Тот схватил старичонку за ноги, перекувырнул, только борода взглянула и вязанка дров, что за плечами, вся рассыпалась.
— Сдурел ты! Жеребец стоялый…
— Ха-ха-ха!.. Поднимайся, дед, весна! — Взвалил Прохор на себя вязанку, пошагал к селу: — Ну, дедка, поспевай! А то садись на закукры. Ты колдун, никак?
— Тьфу, прорва!..
Дома выхватил у черкеса лопату, до трех потов разгребал желтоватый липкий снег.
— Не смей дрова колоть… Я сам! — крикнул он косоротому чалдону. И действительно, после исповеди, после ужина натяпал при луне целую сажень. Кровь гуляет, скорей бы весна пришла: схватит ружье, брызнет в летучее стадо порохом, гусиную кровь на болото выльет, своя уймется. Крови!.. Да, хорошо бы кровь взять, хорошо бы убить кого!..
Поповский кот на трубе сидел, рыжий, толстый, как сам поп: март, кот Машку ждал; Прохор приложился, грохнул, — кот башкой в трубу. Прохор улыбался. Захотелось пробегающей собаке бекасинником влепить.

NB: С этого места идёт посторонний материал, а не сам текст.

(* (Perfect completeness of the Five Cells protocol.) Let a Five Cells puzzle on an $m\times n$ grid be given. If the prover $P$ knows a solution of the puzzle and follows the Five Cells zero-knowledge protocol described in the context, then the verifier $V$ always accepts.
   Context: Five Cells puzzle: an $m\times n$ rectangular grid in which some cells contain a number. A solution is a partition of the grid into pentominoes (connected sets of 5 cells; a pentomino obtained from another by rotation or reflection counts as a different type, giving 63 types) such that for every numbered cell, the number equals the number of that cell's four edges which are borders of pentominoes (edges on the outer boundary of the grid count as borders). Labelling every cell with this count gives the "extended solution". Cards: each card has either an integer or nothing (a blank card) on its front; all backs are indistinguishable. A pile-shifting shuffle applied to a matrix of face-down cards (each entry may be a stack, all stacks in a row of equal size) cyclically shifts its columns by a uniformly random amount unknown to everyone. Chosen cut protocol: given face-down cards (or equal-size stacks) $c_1,\dots,c_q$ and a secret index $i$ chosen by $P$, $P$ forms a $3\times q$ matrix with row 1 equal to $c_1,\dots,c_q$, row 2 a face-down card $1$ in column $i$ and $0$ elsewhere, row 3 a card $1$ in column 1 and $0$ elsewhere (turned face-down); a pile-shifting shuffle is applied; row 2 is revealed and the card of row 1 above the $1$ is $c_i$; after $c_i$ has been used it is put back in place, all face-up cards are turned face-down, another pile-shifting shuffle is applied, row 3 is revealed and the columns are cyclically shifted so that its $1$ returns to column 1, restoring the original order. Printing protocol: given a face-down $p\times q$ template and a face-down $p\times q$ area of cards, each template card is placed on the corresponding area card, forming $pq$ stacks of two; for each stack, $P$ uses the chosen cut protocol to select one of its two cards, the selected card is revealed, $V$ rejects unless it is blank, and it is removed. Five Cells protocol: $P$ publicly puts a blank card on every cell, appends 4 rows and 4 columns of blank "dummy" cards below and to the right, and turns all cards face-down, giving an $(m+4)\times(n+4)$ matrix, read row by row as a sequence $a_1,a_2,\dots$ (so the card below $a_j$ is $a_{j+n+4}$). $P$ builds 63 templates, one per pentomino type: a $5\times5$ matrix with the pentomino at the top-left, each of its cells a card with the number of that cell's edges which are borders of the pentomino, all other cards blank; $V$ checks all templates. Let $B_1,\dots,B_k$ ($k=mn/5$) be the pentominoes of $P$'s solution. For $i=1,\dots,k$: (1) using the chosen cut protocol on the sequence, $P$ selects the top-left card of a $5\times5$ area (cards at positions $j+r(n+4)+c$, $0\le r,c\le 4$) containing $B_i$ in the same position as in its template; (2) using the chosen cut protocol, $P$ selects the template of $B_i$'s type; (3) the printing protocol is applied to this template and area; (4) $P$ reconstructs the used template and returns it to the pile, and $V$ checks again that all 63 templates are correct (rejecting otherwise). Finally $P$ reveals the cards on the originally numbered cells and $V$ rejects unless they match the given numbers; $P$ reveals all dummy cards and $V$ rejects unless they are blank. Otherwise $V$ accepts. *)

theory Defs
  imports Main
begin

type_synonym cell = "int \<times> int"

definition grid :: "nat \<Rightarrow> nat \<Rightarrow> cell set" where
  "grid m n = {(r, c). 0 \<le> r \<and> r < int m \<and> 0 \<le> c \<and> c < int n}"

definition nbrs :: "cell \<Rightarrow> cell set" where
  "nbrs x = (case x of (r, c) \<Rightarrow> {(r - 1, c), (r + 1, c), (r, c - 1), (r, c + 1)})"

definition connected_cells :: "cell set \<Rightarrow> bool" where
  "connected_cells S \<longleftrightarrow> S \<noteq> {} \<and>
     (\<forall>x\<in>S. \<forall>y\<in>S. (x, y) \<in> ({(a, b). a \<in> S \<and> b \<in> S \<and> b \<in> nbrs a})\<^sup>*)"

definition pentomino :: "cell set \<Rightarrow> bool" where
  "pentomino S \<longleftrightarrow> finite S \<and> card S = 5 \<and> connected_cells S"

text \<open>Pentomino types: translation classes of pentominoes (rotations/reflections are
different types), represented by the normalised member whose minimal row and minimal
column are 0 (the pentomino placed at the top-left).\<close>

definition norm_pent :: "cell set \<Rightarrow> cell set" where
  "norm_pent B = (\<lambda>(r, c). (r - Min (fst ` B), c - Min (snd ` B))) ` B"

definition pent_types :: "cell set set" where
  "pent_types = {T. pentomino T \<and> Min (fst ` T) = 0 \<and> Min (snd ` T) = 0}"

text \<open>Number of edges of cell x that are borders of pentominoes of the partition Ps:
an edge is not a border iff both of its cells lie in the same pentomino (edges on the
outer boundary of the grid are borders).\<close>

definition border_count :: "cell set set \<Rightarrow> cell \<Rightarrow> nat" where
  "border_count Ps x = card {y \<in> nbrs x. \<not> (\<exists>B\<in>Ps. x \<in> B \<and> y \<in> B)}"

definition is_solution :: "nat \<Rightarrow> nat \<Rightarrow> (cell \<Rightarrow> nat option) \<Rightarrow> cell set set \<Rightarrow> bool" where
  "is_solution m n clue Ps \<longleftrightarrow>
     (\<forall>B\<in>Ps. pentomino B) \<and>
     (\<forall>B\<in>Ps. \<forall>B'\<in>Ps. B \<noteq> B' \<longrightarrow> B \<inter> B' = {}) \<and>
     \<Union>Ps = grid m n \<and>
     (\<forall>x k. clue x = Some k \<longrightarrow> border_count Ps x = k)"

text \<open>A card shows an integer or is blank (None).\<close>

type_synonym card = "int option"

text \<open>Pile-shifting shuffle by amount s: the column at index j moves to index (j+s) mod q.\<close>

definition shiftR :: "nat \<Rightarrow> 'a list \<Rightarrow> 'a list" where
  "shiftR s xs = rotate (length xs - s mod length xs) xs"

definition marker :: "nat \<Rightarrow> nat \<Rightarrow> card list" where
  "marker k q = map (\<lambda>j. if j = k then Some 1 else Some 0) [0..<q]"

definition reveal1 :: "card list \<Rightarrow> nat" where
  "reveal1 xs = hd (filter (\<lambda>j. xs ! j = Some 1) [0..<length xs])"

— Ш-алишь! — крикнул черкес. — Довольно матку свой пугать!..
И многое ему хотелось сказать, но не говорилось. Епитрахиль пахла ладаном и горелым воском, поповский живот — постным маслом, толокном.
— Аз, иерей, властию, мне данною… — Но задержался голос иерейский, отец Ипат по-земному загундил: — Нет ли еще грехов? Не становился ли на пути отцу? Нет? Не соблазнялся ли пригожей вдовицей какой? Не ври, нас слышит сам Бог. Значит, нет? Блюди себя, ибо юн ты и слаб мудростью, вдовица же вся в когтях нечистого, и опричь того — у нее дурная болезнь… Как раз стропила в носу рухнут.
Прохора в стыд, в жар бросило, в груди как костер горит: «Ох, врет, кутья, стращает!»
— Аз, иерей, властию, мне данною… прощаю и разрешаю ти, чадо.
Праведником выходил из церкви Прохор, на душе ангелы поют, но дьявол крутил хвостом пред его ногами, плыла поземка, вихрились снежные вьюнки.
— Завтра приобщусь. Великая вещь — вера. Как легко!
И шел за хвостатым чертовым вьюнком мимо Анфисиного дома, мимо магнитных ее окон; видит — огонек мелькает, видит — Илюха под окном стоит.
— Илья!
Как не бывало. Белая поземка замела за Илюхой след. И шепчет у покосившейся избушки Прохор, а сам золотую монетку двум парням сует:
— Видели? — мотнул он головой в проулок.
— Знаем, не учи…
Был на селе Вахрамеюшка, ни стар, ни млад, без году сто лет. Нога у Вахрамеюшки деревянная, еще при покойнике Нахимове в крымскую войну шрапнелью отхватило, семнадцатую березовую ногу донашивает, — вот какой он молодой!
Удумал Прохор народ о Пасхе удивить, стал откапывать с Вахрамеюшкой пушку тайно, ночью; валялась та пушка в церковной ограде и от древности в земляные хляби въелась. Казацкий отряд при царе Борисе, что ли, проходил, бросил пушку, тут ей и гроб.
— Только ты ни гугу, смотри…
— Чаво такое?
— Молчи, мол…
— А? Реви громче! Реви мне в рот!.. В уши не доносит. — Старик разинул, как сом, свой голый рот. Прохор сделал губы трубкой и громко прокричал в седую пасть.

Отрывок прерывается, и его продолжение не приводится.